Task to carry out:
Nothing in the records may be altered; repeat them exactly.

Supplied information:
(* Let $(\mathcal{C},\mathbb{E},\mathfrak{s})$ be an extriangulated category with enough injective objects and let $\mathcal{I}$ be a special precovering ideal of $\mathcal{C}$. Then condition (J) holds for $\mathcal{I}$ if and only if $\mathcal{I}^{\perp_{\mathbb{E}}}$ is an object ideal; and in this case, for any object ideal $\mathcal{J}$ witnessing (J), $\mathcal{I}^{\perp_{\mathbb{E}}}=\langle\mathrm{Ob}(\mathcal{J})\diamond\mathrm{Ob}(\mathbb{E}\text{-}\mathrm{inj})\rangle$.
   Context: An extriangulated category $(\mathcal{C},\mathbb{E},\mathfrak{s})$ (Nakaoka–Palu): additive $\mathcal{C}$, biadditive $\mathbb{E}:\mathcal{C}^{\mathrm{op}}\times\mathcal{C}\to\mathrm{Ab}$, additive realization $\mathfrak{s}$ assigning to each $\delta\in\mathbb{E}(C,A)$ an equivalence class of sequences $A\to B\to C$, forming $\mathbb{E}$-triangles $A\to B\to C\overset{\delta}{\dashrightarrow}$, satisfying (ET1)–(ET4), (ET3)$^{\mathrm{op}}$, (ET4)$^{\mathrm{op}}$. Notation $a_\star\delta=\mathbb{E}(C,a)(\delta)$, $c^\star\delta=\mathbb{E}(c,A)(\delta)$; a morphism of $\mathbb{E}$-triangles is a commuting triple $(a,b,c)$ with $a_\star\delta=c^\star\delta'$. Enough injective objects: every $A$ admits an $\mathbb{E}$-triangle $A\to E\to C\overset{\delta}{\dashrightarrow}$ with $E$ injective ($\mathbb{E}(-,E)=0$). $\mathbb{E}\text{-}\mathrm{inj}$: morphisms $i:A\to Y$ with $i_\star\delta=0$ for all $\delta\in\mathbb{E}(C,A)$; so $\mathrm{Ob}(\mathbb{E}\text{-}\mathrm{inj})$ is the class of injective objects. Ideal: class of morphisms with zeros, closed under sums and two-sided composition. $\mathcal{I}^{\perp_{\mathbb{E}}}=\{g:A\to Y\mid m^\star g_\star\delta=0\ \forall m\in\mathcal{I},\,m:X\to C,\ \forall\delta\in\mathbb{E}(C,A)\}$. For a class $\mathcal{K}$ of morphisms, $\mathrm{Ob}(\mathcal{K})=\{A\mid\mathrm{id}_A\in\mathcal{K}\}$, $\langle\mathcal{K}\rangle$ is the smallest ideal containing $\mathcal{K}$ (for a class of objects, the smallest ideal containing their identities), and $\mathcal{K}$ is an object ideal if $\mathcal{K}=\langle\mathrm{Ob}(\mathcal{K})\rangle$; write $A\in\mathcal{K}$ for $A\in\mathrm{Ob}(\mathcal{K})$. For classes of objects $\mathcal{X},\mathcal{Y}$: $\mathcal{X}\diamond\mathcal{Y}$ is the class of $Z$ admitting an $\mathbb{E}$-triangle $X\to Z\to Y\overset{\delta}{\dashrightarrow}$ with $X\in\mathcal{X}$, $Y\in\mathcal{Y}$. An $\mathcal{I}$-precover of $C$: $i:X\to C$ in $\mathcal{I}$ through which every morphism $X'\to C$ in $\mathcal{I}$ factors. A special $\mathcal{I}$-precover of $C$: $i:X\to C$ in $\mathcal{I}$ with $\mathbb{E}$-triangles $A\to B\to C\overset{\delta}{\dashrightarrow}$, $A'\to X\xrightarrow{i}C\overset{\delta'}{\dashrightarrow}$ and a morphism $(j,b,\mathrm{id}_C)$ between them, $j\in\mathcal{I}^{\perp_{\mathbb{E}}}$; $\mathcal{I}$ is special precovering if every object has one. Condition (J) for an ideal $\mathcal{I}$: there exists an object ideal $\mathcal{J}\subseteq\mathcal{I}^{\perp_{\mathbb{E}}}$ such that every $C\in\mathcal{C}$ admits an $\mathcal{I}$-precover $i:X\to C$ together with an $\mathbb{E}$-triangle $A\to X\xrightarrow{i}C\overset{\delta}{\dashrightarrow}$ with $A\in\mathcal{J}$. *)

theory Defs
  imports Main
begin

Solution:
(* Let $(\mathcal{C},\mathbb{E},\mathfrak{s})$ be an extriangulated category with enough injective objects and let $\mathcal{I}$ be a special precovering ideal of $\mathcal{C}$. Then condition (J) holds for $\mathcal{I}$ if and only if $\mathcal{I}^{\perp_{\mathbb{E}}}$ is an object ideal; and in this case, for any object ideal $\mathcal{J}$ witnessing (J), $\mathcal{I}^{\perp_{\mathbb{E}}}=\langle\mathrm{Ob}(\mathcal{J})\diamond\mathrm{Ob}(\mathbb{E}\text{-}\mathrm{inj})\rangle$.
   Context: An extriangulated category $(\mathcal{C},\mathbb{E},\mathfrak{s})$ (Nakaoka–Palu): additive $\mathcal{C}$, biadditive $\mathbb{E}:\mathcal{C}^{\mathrm{op}}\times\mathcal{C}\to\mathrm{Ab}$, additive realization $\mathfrak{s}$ assigning to each $\delta\in\mathbb{E}(C,A)$ an equivalence class of sequences $A\to B\to C$, forming $\mathbb{E}$-triangles $A\to B\to C\overset{\delta}{\dashrightarrow}$, satisfying (ET1)–(ET4), (ET3)$^{\mathrm{op}}$, (ET4)$^{\mathrm{op}}$. Notation $a_\star\delta=\mathbb{E}(C,a)(\delta)$, $c^\star\delta=\mathbb{E}(c,A)(\delta)$; a morphism of $\mathbb{E}$-triangles is a commuting triple $(a,b,c)$ with $a_\star\delta=c^\star\delta'$. Enough injective objects: every $A$ admits an $\mathbb{E}$-triangle $A\to E\to C\overset{\delta}{\dashrightarrow}$ with $E$ injective ($\mathbb{E}(-,E)=0$). $\mathbb{E}\text{-}\mathrm{inj}$: morphisms $i:A\to Y$ with $i_\star\delta=0$ for all $\delta\in\mathbb{E}(C,A)$; so $\mathrm{Ob}(\mathbb{E}\text{-}\mathrm{inj})$ is the class of injective objects. Ideal: class of morphisms with zeros, closed under sums and two-sided composition. $\mathcal{I}^{\perp_{\mathbb{E}}}=\{g:A\to Y\mid m^\star g_\star\delta=0\ \forall m\in\mathcal{I},\,m:X\to C,\ \forall\delta\in\mathbb{E}(C,A)\}$. For a class $\mathcal{K}$ of morphisms, $\mathrm{Ob}(\mathcal{K})=\{A\mid\mathrm{id}_A\in\mathcal{K}\}$, $\langle\mathcal{K}\rangle$ is the smallest ideal containing $\mathcal{K}$ (for a class of objects, the smallest ideal containing their identities), and $\mathcal{K}$ is an object ideal if $\mathcal{K}=\langle\mathrm{Ob}(\mathcal{K})\rangle$; write $A\in\mathcal{K}$ for $A\in\mathrm{Ob}(\mathcal{K})$. For classes of objects $\mathcal{X},\mathcal{Y}$: $\mathcal{X}\diamond\mathcal{Y}$ is the class of $Z$ admitting an $\mathbb{E}$-triangle $X\to Z\to Y\overset{\delta}{\dashrightarrow}$ with $X\in\mathcal{X}$, $Y\in\mathcal{Y}$. An $\mathcal{I}$-precover of $C$: $i:X\to C$ in $\mathcal{I}$ through which every morphism $X'\to C$ in $\mathcal{I}$ factors. A special $\mathcal{I}$-precover of $C$: $i:X\to C$ in $\mathcal{I}$ with $\mathbb{E}$-triangles $A\to B\to C\overset{\delta}{\dashrightarrow}$, $A'\to X\xrightarrow{i}C\overset{\delta'}{\dashrightarrow}$ and a morphism $(j,b,\mathrm{id}_C)$ between them, $j\in\mathcal{I}^{\perp_{\mathbb{E}}}$; $\mathcal{I}$ is special precovering if every object has one. Condition (J) for an ideal $\mathcal{I}$: there exists an object ideal $\mathcal{J}\subseteq\mathcal{I}^{\perp_{\mathbb{E}}}$ such that every $C\in\mathcal{C}$ admits an $\mathcal{I}$-precover $i:X\to C$ together with an $\mathbb{E}$-triangle $A\to X\xrightarrow{i}C\overset{\delta}{\dashrightarrow}$ with $A\in\mathcal{J}$. *)

theory Defs
  imports Main
begin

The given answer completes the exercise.